#### Instructions to follow:
Search the data for the string "moreover" and copy each line in which it appears.

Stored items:
lemma prob_Pi_pmf_agree_on:
  assumes "finite A" "J \<subseteq> A"
  shows "measure_pmf.prob (Pi_pmf A dflt p) {g. \<forall>j\<in>J. g j = c j} = (\<Prod>j\<in>J. pmf (p j) (c j))"
proof -
  define B where "B v = (if v \<in> J then {c v} else UNIV)" for v
  have "{g. \<forall>j\<in>J. g j = c j} = Pi A B"
    using assms(2) by (auto simp: B_def Pi_def)
  then have "measure_pmf.prob (Pi_pmf A dflt p) {g. \<forall>j\<in>J. g j = c j}
      = (\<Prod>v\<in>A. measure_pmf.prob (p v) (B v))"
    using measure_Pi_pmf_Pi[OF assms(1)] by simp
  also have "\<dots> = (\<Prod>j\<in>J. measure_pmf.prob (p j) (B j))"
    using assms by (intro prod.mono_neutral_right) (auto simp: B_def)
  also have "\<dots> = (\<Prod>j\<in>J. pmf (p j) (c j))"
    by (intro prod.cong) (auto simp: B_def measure_pmf_single)
  finally show ?thesis .
qed

lemma expectation_Pi_pmf_prod_subset:
  fixes f :: "'a \<Rightarrow> 'b \<Rightarrow> real"
  assumes "finite A" "J \<subseteq> A"
    and "\<And>j. j \<in> J \<Longrightarrow> integrable (measure_pmf (p j)) (f j)"
    and "\<And>j y. j \<in> J \<Longrightarrow> y \<in> set_pmf (p j) \<Longrightarrow> 0 \<le> f j y"
  shows "measure_pmf.expectation (Pi_pmf A dflt p) (\<lambda>g. \<Prod>j\<in>J. f j (g j))
       = (\<Prod>j\<in>J. measure_pmf.expectation (p j) (f j))"
proof -
  have "finite J" using assms(1,2) finite_subset by blast
  have "measure_pmf.expectation (Pi_pmf A dflt p) (\<lambda>g. \<Prod>j\<in>J. f j (g j))
      = measure_pmf.expectation (Pi_pmf J dflt p) (\<lambda>g. \<Prod>j\<in>J. f j (g j))"
    unfolding Pi_pmf_subset[OF assms(1,2)] integral_map_pmf
    by (intro Bochner_Integration.integral_cong prod.cong) auto
  also have "\<dots> = (\<Prod>j\<in>J. measure_pmf.expectation (p j) (f j))"
    using \<open>finite J\<close> assms(3,4) by (rule expectation_prod_Pi_pmf)
  finally show ?thesis .
qed

lemma expectation_Pi_bernoulli_prod:
  fixes f :: "'a \<Rightarrow> bool \<Rightarrow> real"
  assumes "finite A" "J \<subseteq> A"
    and "\<And>j. j \<in> J \<Longrightarrow> 0 \<le> q j \<and> q j \<le> 1" "\<And>j t. j \<in> J \<Longrightarrow> 0 \<le> f j t"
  shows "measure_pmf.expectation (Pi_pmf A False (\<lambda>v. bernoulli_pmf (q v))) (\<lambda>g. \<Prod>j\<in>J. f j (g j))
       = (\<Prod>j\<in>J. q j * f j True + (1 - q j) * f j False)"
  using assms
  by (subst expectation_Pi_pmf_prod_subset)
     (auto intro!: prod.cong integrable_measure_pmf_finite simp: algebra_simps)

lemma prod_antimono_subset:
  fixes g :: "'a \<Rightarrow> real"
  assumes "finite B" "A \<subseteq> B" "\<And>a. a \<in> B \<Longrightarrow> 0 \<le> g a \<and> g a \<le> 1"
  shows "(\<Prod>a\<in>B. g a) \<le> (\<Prod>a\<in>A. g a)"
proof -
  have "(\<Prod>a\<in>B. g a) = (\<Prod>a\<in>A. g a) * (\<Prod>a\<in>B - A. g a)"
    using assms by (metis prod.subset_diff mult.commute)
  also have "\<dots> \<le> (\<Prod>a\<in>A. g a)"
    using assms by (intro mult_right_le_one_le prod_le_1 prod_nonneg) (auto dest: subsetD)
  finally show ?thesis .
qed

lemma indep_set_if_no_arcs:
  "orientation E H \<Longrightarrow> B \<subseteq> V \<Longrightarrow> (\<And>u v. u \<in> B \<Longrightarrow> v \<in> B \<Longrightarrow> \<not> H u v) \<Longrightarrow> indep_set V E B"
  unfolding orientation_def indep_set_def by blast

lemma out_nbrs_subset:
  "simple_graph V E \<Longrightarrow> orientation E H \<Longrightarrow> out_nbrs H v \<subseteq> V"
  unfolding simple_graph_def orientation_def out_nbrs_def by blast

lemma not_in_out_nbrs: "orientation E H \<Longrightarrow> v \<notin> out_nbrs H v"
  unfolding orientation_def out_nbrs_def by blast

definition sinks_in :: "('a \<Rightarrow> 'a \<Rightarrow> bool) \<Rightarrow> 'a set \<Rightarrow> 'a set" where
  "sinks_in H B = {v\<in>B. out_nbrs H v \<inter> B = {}}"

lemma indep_set_sinks_in:
  assumes "orientation E H" "B \<subseteq> V"
  shows "indep_set V E (sinks_in H B)"
  using assms(2) by (intro indep_set_if_no_arcs[OF assms(1)]) (auto simp: sinks_in_def out_nbrs_def)

definition sink_CR :: "'a set \<Rightarrow> ('a \<Rightarrow> 'a \<Rightarrow> bool) \<Rightarrow> (('a \<Rightarrow> real) \<Rightarrow> 'a \<Rightarrow> real)
    \<Rightarrow> ('a \<Rightarrow> real) \<Rightarrow> 'a set \<Rightarrow> 'a set pmf" where
  "sink_CR V H p x A = map_pmf (\<lambda>marked. sinks_in H (A \<inter> support V x \<inter> {v. marked v}))
     (Pi_pmf V False (\<lambda>v. bernoulli_pmf (p x v)))"

lemma set_pmf_sink_CR:
  assumes "orientation E H" "S \<in> set_pmf (sink_CR V H p x A)"
  shows "S \<subseteq> A \<inter> support V x \<and> indep_set V E S"
proof -
  obtain marked where S: "S = sinks_in H (A \<inter> support V x \<inter> {v. marked v})"
    using assms(2) by (auto simp: sink_CR_def)
  have "indep_set V E S"
    unfolding S by (rule indep_set_sinks_in[OF assms(1)]) (auto simp: support_def)
  then show ?thesis using S by (auto simp: sinks_in_def)
qed

lemma sink_CR_mark_all:
  assumes "finite V"
  shows "sink_CR V H (\<lambda>_ _. 1) x A = return_pmf (sinks_in H (A \<inter> support V x))"
proof -
  have "bernoulli_pmf 1 = return_pmf True"
    by (intro pmf_eqI) (auto simp: pmf_bernoulli_True pmf_bernoulli_False indicator_def)
  moreover have "A \<inter> support V x \<inter> {v. v \<in> V} = A \<inter> support V x"
    by (auto simp: support_def)
  ultimately show ?thesis using assms by (simp add: sink_CR_def)
qed

lemma oblivious_sink_CR_mark_all:
  assumes "finite V"
  shows "oblivious_CR V (sink_CR V H (\<lambda>_ _. 1))"
  unfolding oblivious_CR_def deterministic_CR_def sink_CR_mark_all[OF assms] by auto

lemma prob_sink_CR:
  assumes "finite V" "out_nbrs H i \<subseteq> V" "i \<notin> out_nbrs H i"
    and p: "\<And>v. v \<in> V \<Longrightarrow> 0 \<le> p x v \<and> p x v \<le> 1"
  shows "measure_pmf.prob (sink_CR V H p x A) {S. i \<in> S} =
    (if i \<in> A \<inter> support V x then p x i * (\<Prod>u\<in>out_nbrs H i \<inter> A \<inter> support V x. 1 - p x u) else 0)"
proof (cases "i \<in> A \<inter> support V x")
  case True
  define N where "N = out_nbrs H i \<inter> A \<inter> support V x"
  have "i \<in> V" "i \<notin> N" "N \<subseteq> V" using True assms(2,3) by (auto simp: N_def support_def)
  then have "finite N" using assms(1) finite_subset by blast
  have "(\<lambda>marked. sinks_in H (A \<inter> support V x \<inter> {v. marked v})) -` {S. i \<in> S}
      = {g. \<forall>j\<in>insert i N. g j = (j = i)}"
    using True assms(3) by (auto simp: sinks_in_def N_def)
  then have "measure_pmf.prob (sink_CR V H p x A) {S. i \<in> S}
      = measure_pmf.prob (Pi_pmf V False (\<lambda>v. bernoulli_pmf (p x v))) {g. \<forall>j\<in>insert i N. g j = (j = i)}"
    by (simp only: sink_CR_def measure_map_pmf)
  also have "\<dots> = (\<Prod>j\<in>insert i N. pmf (bernoulli_pmf (p x j)) (j = i))"
    using \<open>i \<in> V\<close> \<open>N \<subseteq> V\<close> by (intro prob_Pi_pmf_agree_on[OF assms(1)]) auto
  also have "\<dots> = p x i * (\<Prod>u\<in>N. 1 - p x u)"
  proof -
    have "pmf (bernoulli_pmf (p x u)) (u = i) = 1 - p x u" if "u \<in> N" for u
    proof -
      have "u \<noteq> i" "u \<in> V" using that \<open>i \<notin> N\<close> \<open>N \<subseteq> V\<close> by auto
      then show ?thesis using p[of u] by (simp add: pmf_bernoulli_False)
    qed
    moreover have "pmf (bernoulli_pmf (p x i)) True = p x i"
      using p[OF \<open>i \<in> V\<close>] by (simp add: pmf_bernoulli_True)
    ultimately show ?thesis
      using \<open>i \<notin> N\<close> \<open>finite N\<close> by (simp add: prod.insert cong: prod.cong)
  qed
  finally show ?thesis using True by (simp add: N_def)
next
  case False
  then have never: "(\<lambda>marked. sinks_in H (A \<inter> support V x \<inter> {v. marked v})) -` {S. i \<in> S} = {}"
    by (auto simp: sinks_in_def)
  show ?thesis
    unfolding sink_CR_def measure_map_pmf never using False by auto
qed

lemma prob_randset_mem:
  assumes "finite V" "i \<in> V" "0 \<le> x i" "x i \<le> 1"
  shows "measure_pmf.prob (randset V x) {R. i \<in> R} = x i"
  using assms prob_Pi_pmf_agree_on[of V "{i}" False "\<lambda>v. bernoulli_pmf (x v)" "\<lambda>_. True"]
  by (simp add: randset_def)

lemma prob_joint_sink_CR:
  assumes fin: "finite V" and "out_nbrs H i \<subseteq> V" "i \<notin> out_nbrs H i"
    and p: "\<And>v. v \<in> V \<Longrightarrow> 0 \<le> p x v \<and> p x v \<le> 1"
    and x: "\<And>v. v \<in> V \<Longrightarrow> 0 \<le> x v \<and> x v \<le> 1"
    and i: "i \<in> support V x"
  shows "measure_pmf.prob (joint V (sink_CR V H p) x) {pr. i \<in> snd pr \<and> i \<in> fst pr} =
     x i * p x i * (\<Prod>u\<in>out_nbrs H i \<inter> support V x. 1 - x u * p x u)"
proof -
  define N where "N = out_nbrs H i \<inter> support V x"
  have "i \<in> V" "i \<notin> N" "N \<subseteq> V" using i assms(2,3) by (auto simp: N_def support_def)
  then have "finite N" using fin finite_subset by blast
  \<comment> \<open>Given R, the success probability is a product of one factor f j (j \<in> R) per vertex,
    so its expectation over the independent coordinates of R factorizes.\<close>
  define f where "f j t = (if j = i then (if t then p x i else 0) else if t then 1 - p x j else 1)"
    for j t
  have given_R: "measure_pmf.prob (map_pmf (Pair R) (sink_CR V H p x R)) {pr. i \<in> snd pr \<and> i \<in> fst pr}
     = (\<Prod>j\<in>insert i N. f j (j \<in> R))" for R
  proof (cases "i \<in> R")
    case True
    have "out_nbrs H i \<inter> R \<inter> support V x = {u\<in>N. u \<in> R}" by (auto simp: N_def)
    then have "(\<Prod>u\<in>out_nbrs H i \<inter> R \<inter> support V x. 1 - p x u)
        = (\<Prod>u\<in>N. if u \<in> R then 1 - p x u else 1)"
      using \<open>finite N\<close> by (simp add: prod.inter_filter)
    also have "\<dots> = (\<Prod>u\<in>N. f u (u \<in> R))"
      using \<open>i \<notin> N\<close> by (intro prod.cong) (auto simp: f_def)
    finally have "(\<Prod>u\<in>out_nbrs H i \<inter> R \<inter> support V x. 1 - p x u) = (\<Prod>u\<in>N. f u (u \<in> R))" .
    moreover have "Pair R -` {pr. i \<in> snd pr \<and> i \<in> fst pr} = {S. i \<in> S}" using True by auto
    ultimately show ?thesis
      using True i \<open>i \<notin> N\<close> \<open>N \<subseteq> V\<close> fin
        prob_sink_CR[where p=p and x=x and A=R, OF fin assms(2,3) p]
      by (auto simp: f_def dest: finite_subset)
  next
    case False
    then have "Pair R -` {pr. i \<in> snd pr \<and> i \<in> fst pr} = {}" by auto
    with False \<open>N \<subseteq> V\<close> fin show ?thesis by (auto simp: f_def dest: finite_subset)
  qed
  have "measure_pmf.prob (joint V (sink_CR V H p) x) {pr. i \<in> snd pr \<and> i \<in> fst pr}
     = measure_pmf.expectation (Pi_pmf V False (\<lambda>v. bernoulli_pmf (x v)))
         (\<lambda>g. \<Prod>j\<in>insert i N. f j (g j))"
    unfolding joint_def prob_bind_pmf randset_def integral_map_pmf given_R mem_Collect_eq ..
  also have "\<dots> = (\<Prod>j\<in>insert i N. x j * f j True + (1 - x j) * f j False)"
    using \<open>i \<in> V\<close> \<open>N \<subseteq> V\<close> p x
    by (intro expectation_Pi_bernoulli_prod[OF fin]) (auto simp: f_def)
  also have "\<dots> = x i * p x i * (\<Prod>u\<in>N. 1 - x u * p x u)"
    using \<open>i \<notin> N\<close> \<open>N \<subseteq> V\<close> fin
    by (subst prod.insert) (auto simp: f_def algebra_simps intro!: prod.cong dest: finite_subset)
  finally show ?thesis by (simp add: N_def)
qed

#### Response below:
  moreover have "A \<inter> support V x \<inter> {v. v \<in> V} = A \<inter> support V x"
    moreover have "pmf (bernoulli_pmf (p x i)) True = p x i"
    moreover have "Pair R -` {pr. i \<in> snd pr \<and> i \<in> fst pr} = {S. i \<in> S}" using True by auto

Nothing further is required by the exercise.